Nurses do heroic work. But too often that heroism meets unnecessary hurdles: hidebound thinking or ingrained inefficiencies that are frustrating even to the most dedicated care providers.
“The way I think about nurse innovation is really shifting the paradigm,” Hiyam Nadel, director of the Center of Innovations in Care Delivery at Massachusetts General Hospital, during a HIMSS21 Digital session this past Thursday.
“The way it currently works is that equipment is given to us – processes, models of care – and we get very frustrated because they don’t quite work right, or meet the patient’s needs,” she explained. “And we would like to shift that. We always say that the people who can invent the best are the people closest to the problem. Nurses need to be at the table. They need to be inventing because they will have the most impactful solutions to health and health care.”
“Nurses just have this incredible commitment to patient care,” added Mary Lou Ackerman, vice president of innovation at Ontario-based SE Health. “Solving problems, finding solutions, fixing things, that’s just what nurses do every day. It’s just a part of making sure that the care is personalized and is able to be delivered.
“It’s really important to formalize some structures around all of that activity that they’re already doing,” she added, “so that – at an organizational level or a national level or even a global level – these solutions and ideas can be shared.”
Even as they represent more than half of healthcare workforce – truly, care could not be delivered without them – nursess are too often limited by process and technology challenges.
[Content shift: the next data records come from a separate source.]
lemma positive_if_deterministic_imp_non_creative:
  assumes init: "\<forall>X \<in> Obj C. initial_dilation C (Idm C X) X (Copy C X)"
    and det_nc: "\<forall>p \<in> Arr C. deterministic C p \<longrightarrow> non_creative C p"
  shows "positive C"
  unfolding positive_def
proof (intro allI impI)
  fix X Y Z f g
  assume f: "f \<in> hom C X Y" and g: "g \<in> hom C Y Z" and det: "deterministic C (g \<cdot> f)"
  have X: "X \<in> Obj C" and Y: "Y \<in> Obj C" and Z: "Z \<in> Obj C"
    using f g by (auto simp: hom_def)
  let ?\<pi> = "pairing g (Idm C Y) \<cdot> f"
  have "dilation C (g \<cdot> f) Y ?\<pi>"
    using dilation_comp[OF pairing_dilation[of g "Idm C Y" Y]] f g Y by (simp add: hom_def)
  moreover have "non_creative C (g \<cdot> f)"
    using det_nc det by (simp add: deterministic_def)
  moreover have "initial_dilation C (Idm C (Dom C (g \<cdot> f))) (Dom C (g \<cdot> f)) (Copy C (Dom C (g \<cdot> f)))"
    using init X f g by (simp add: hom_def)
  ultimately have "?\<pi> = pairing (g \<cdot> f) ((Del C (Cod C (g \<cdot> f)) \<otimes> Idm C Y) \<cdot> ?\<pi>)"
    using non_creative_dilation_eq_pairing by blast
  also have "(Del C (Cod C (g \<cdot> f)) \<otimes> Idm C Y) \<cdot> ?\<pi> = f"
    using f g Y Z snd_pairing[of g "Idm C Y"] by (simp add: hom_def comp_assoc'[symmetric] comp_idm_left)
  finally have split: "?\<pi> = pairing (g \<cdot> f) f" .
  have "(Idm C Y \<otimes> g) \<cdot> (Copy C Y \<cdot> f) = (Swap C Z Y \<cdot> pairing g (Idm C Y)) \<cdot> f"
    using f g Y Z swap_pairing[of g "Idm C Y"] by (simp add: hom_def comp_assoc')
  also have "\<dots> = Swap C Z Y \<cdot> pairing (g \<cdot> f) f"
    using f g Y Z split by (simp add: hom_def comp_assoc')
  also have "\<dots> = (f \<otimes> (g \<cdot> f)) \<cdot> Copy C X"
    using f g swap_pairing[of "g \<cdot> f" f] by (simp add: hom_def)
  finally show "(Idm C Y \<otimes> g) \<cdot> (Copy C Y \<cdot> f) = (f \<otimes> (g \<cdot> f)) \<cdot> Copy C X" .
qed

end

theorem lemma4p15:
  fixes C :: "('o, 'm, 'x) mcat_scheme"
  assumes "markov_category C"
    and "\<forall>X \<in> Obj C. initial_dilation C (Idm C X) X (Copy C X)"
  shows "(\<forall>p \<in> Arr C. non_creative C p \<longrightarrow> deterministic C p) \<and>
         ((\<forall>p \<in> Arr C. non_creative C p \<longleftrightarrow> deterministic C p) \<longleftrightarrow> positive C)"
proof -
  interpret markov_category C by (rule assms(1))
  have "non_creative C p \<Longrightarrow> deterministic C p" if "p \<in> Arr C" for p
    using non_creative_imp_deterministic assms(2) that by simp
  then show ?thesis
    using positive_deterministic_imp_non_creative
      positive_if_deterministic_imp_non_creative[OF assms(2)]
    by blast
qed

end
Many were frustrated even before the pandemic, but COVID-19 burnout is driving many to exhaustion.
In the session, Ackerman and Nadel, along with moderator Rebecca Love, president of SONSIEL (Society of Nurse Scientists, Innovators, Entrepreneurs & Leaders), explored how to better ensure that nurses have the support they need and deserve – and how to ensure they’re empowered to add their voices to the conversation, and that their good ideas for workflow and process improvements are surfaced, implemented and formalized where appropriate.
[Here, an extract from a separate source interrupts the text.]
(* Under the hypotheses and with the construction of Theorem 1 (full approximate solution for nonnegativity constraints), there exist $\rho>0$, $\bar\mu\in(0,\hat\mu]$ and $C>0$ such that in the same regime (all $\mu\in(0,\bar\mu]$, $(x,\lambda)\in\mathcal B((x^*,\lambda^* ),\delta)$, $x>0,\lambda>0$, $\|(x,\lambda)-(x^\mu,\lambda^\mu)\|<\rho$, $\|F_\mu(x,\lambda)\|\le C_1\mu$): $$\|\Delta x^{ls}_{\mathcal I}-\Delta x^N_{\mathcal I}\|\le C\mu^2\quad\text{and}\quad \|\Delta\lambda^{ls}_{\mathcal I}-\Delta\lambda^N_{\mathcal I}\|\le C\mu^3 .$$
   Context: Problem: minimize $f(x)$ subject to $x\ge0$, $f$ twice continuously differentiable with locally Lipschitz Hessian; $H=\nabla^2f(x)$, $X=\mathrm{diag}(x)$, $\Lambda=\mathrm{diag}(\lambda)$, $e$ all-ones, Euclidean norms. $F_\mu(x,\lambda)=(\nabla f(x)-\lambda,\ \Lambda Xe-\mu e)$, $F'(x,\lambda)=\begin{bmatrix}H&-I\\\Lambda&X\end{bmatrix}$; Newton direction for $\mu^+=\sigma\mu$ ($\sigma\in(0,1)$) solves $F'(\Delta x^N,\Delta\lambda^N)=-F_{\mu^+}(x,\lambda)$. $(x^*,\lambda^* )$ satisfies $\nabla f(x^* )=\lambda^*$, $x^*,\lambda^*\ge0$, $x_i^*\lambda_i^*=0$, $x^*+\lambda^*>0$, $[\nabla^2f(x^* )]_{\mathcal I\mathcal I}\succ0$, $\mathcal A=\{i:x^*_i=0\}$, $\mathcal I=\{i:x^*_i>0\}$; $\delta,\hat\mu$ and the barrier trajectory $(x^\mu,\lambda^\mu)$ as usual ($F'$ nonsingular with bounded inverse on $\mathcal B((x^*,\lambda^* ),\delta)$; $F_\mu(x^\mu,\lambda^\mu)=0$, Lipschitz, $\|(x^\mu,\lambda^\mu)-(x^*,\lambda^* )\|\le C_4\mu$). $C_1>0$ fixed. Construction: $\Delta x_i\in\{\Delta x_i^S,\Delta x_i^C\}$ for $i\in\mathcal A$, with $\Delta x_i^S=-\frac{x_i[\nabla f(x)]_i-\mu^+}{x_iH_{ii}+\lambda_i}$, $\Delta x_i^C=-x_i+\mu^+/\lambda_i$; $\Delta x^{ls}_{\mathcal I}$ solves $(H_{\mathcal I\mathcal I}+X_{\mathcal I\mathcal I}^{-1}\Lambda_{\mathcal I\mathcal I})\Delta x^{ls}_{\mathcal I}=-(\nabla f(x)_{\mathcal I}+H_{\mathcal I\mathcal A}\Delta x_{\mathcal A})+\mu^+X_{\mathcal I\mathcal I}^{-1}e$; $\Delta\lambda^{ls}_{\mathcal I}=-\lambda_{\mathcal I}+\mu^+X_{\mathcal I\mathcal I}^{-1}e-X_{\mathcal I\mathcal I}^{-1}\Lambda_{\mathcal I\mathcal I}\Delta x^{ls}_{\mathcal I}$. *)

theory Defs
  imports "HOL-Analysis.Analysis"
begin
They focused on nursing innovation and entrepreneurship – highlighting the need for “disruptive thinking, innovation methodology and systems and networks … to support nurses to continuously improve patient care and outcomes.”
Love noted some dispiriting stats about nurses and their day to day workflows.
“The studies have shown: 27 workarounds per shift, 36 different places over the course of an hour. are innovating in a highly inefficient environment that’s burning out our nurses more. We were always told, ‘Take this new device, it’s going to create less work for you.’ But actually creates more work for the nurse.”
And the pandemic has put the nursing workforce in an even more challenging position.
“We’re seeing a lot of nurses leaving the bedside. We’re seeing a lot of them are burned out. There’s a lot of downward stressors. We’re seeing in the United States a nearly 1 million-nurse shortage. Nurses are retiring, and it’s expected an additional 500,000 will leave the nursing profession by the year 2022.”
But initiatives such as those at Mass General and Saint Elizabeth, designed to harness the ingenuity and good ideas of the nurses in the trenches, could be key to helping stem that exodus – and ensure that nurses are empowered to do their jobs in the best way possible.
“No innovation or solution should be delivered to a table without a nurse’s voice and involvement in that solution,” said Ackerman.
Nurses have great ideas, she said, and at SE Health, there are processes in place to “capture those ideas and we can we can take a deeper dive into them, look at them, figure out which solutions fit, what we need to make them fit and create these, you know, these great solutions.
“The idea behind it is, when an idea comes forward, we want to have spent some time to figure out if this is desirable for the organization – if it’s viable and if it’s feasible,” she said. “So in order to do that, we’ve got structures put in place that allows us to, you know, look at the idea, frame our intent around that.
“Then the next phase would be taking a deep dive and really understanding: Is there a business model, a new service model? Do we need tools and technologies? And then generating new concepts, and then finally testing and scaling.”
It’s not enough to say, “Oh, yeah, I think innovation is great – just go ahead and do it,” said Nadel. “Because that doesn’t happen.”
At Mass General, “we started to proactively elicit ideas and pain points from the nurses,” she explained. “We didn’t put any parameters around it. That did two things: It gave the leadership some insight to what the front line is facing. Also, by helping develop these ideas into real prototypes and beyond, and testing them, it also built the credibility that’s needed to move forward.”
This year, the MGH Healthcare Transformation Lab is launching the Ether Dome Challenge, designed to spur innovation and remedies to the pain points identified by some 6,500 front line staffers, said Nadel.
“If you give them empowerment to have control over their lives – creativity and problem solving – it’s fun, it’s actually fun work,” she said. “And then they actually see there are prototypes out on the units and other nurses testing it. They say, ‘Another nurse did that?’ It just accelerates, it brings excitement, it inspires people. So I really do think that we have to build that in.”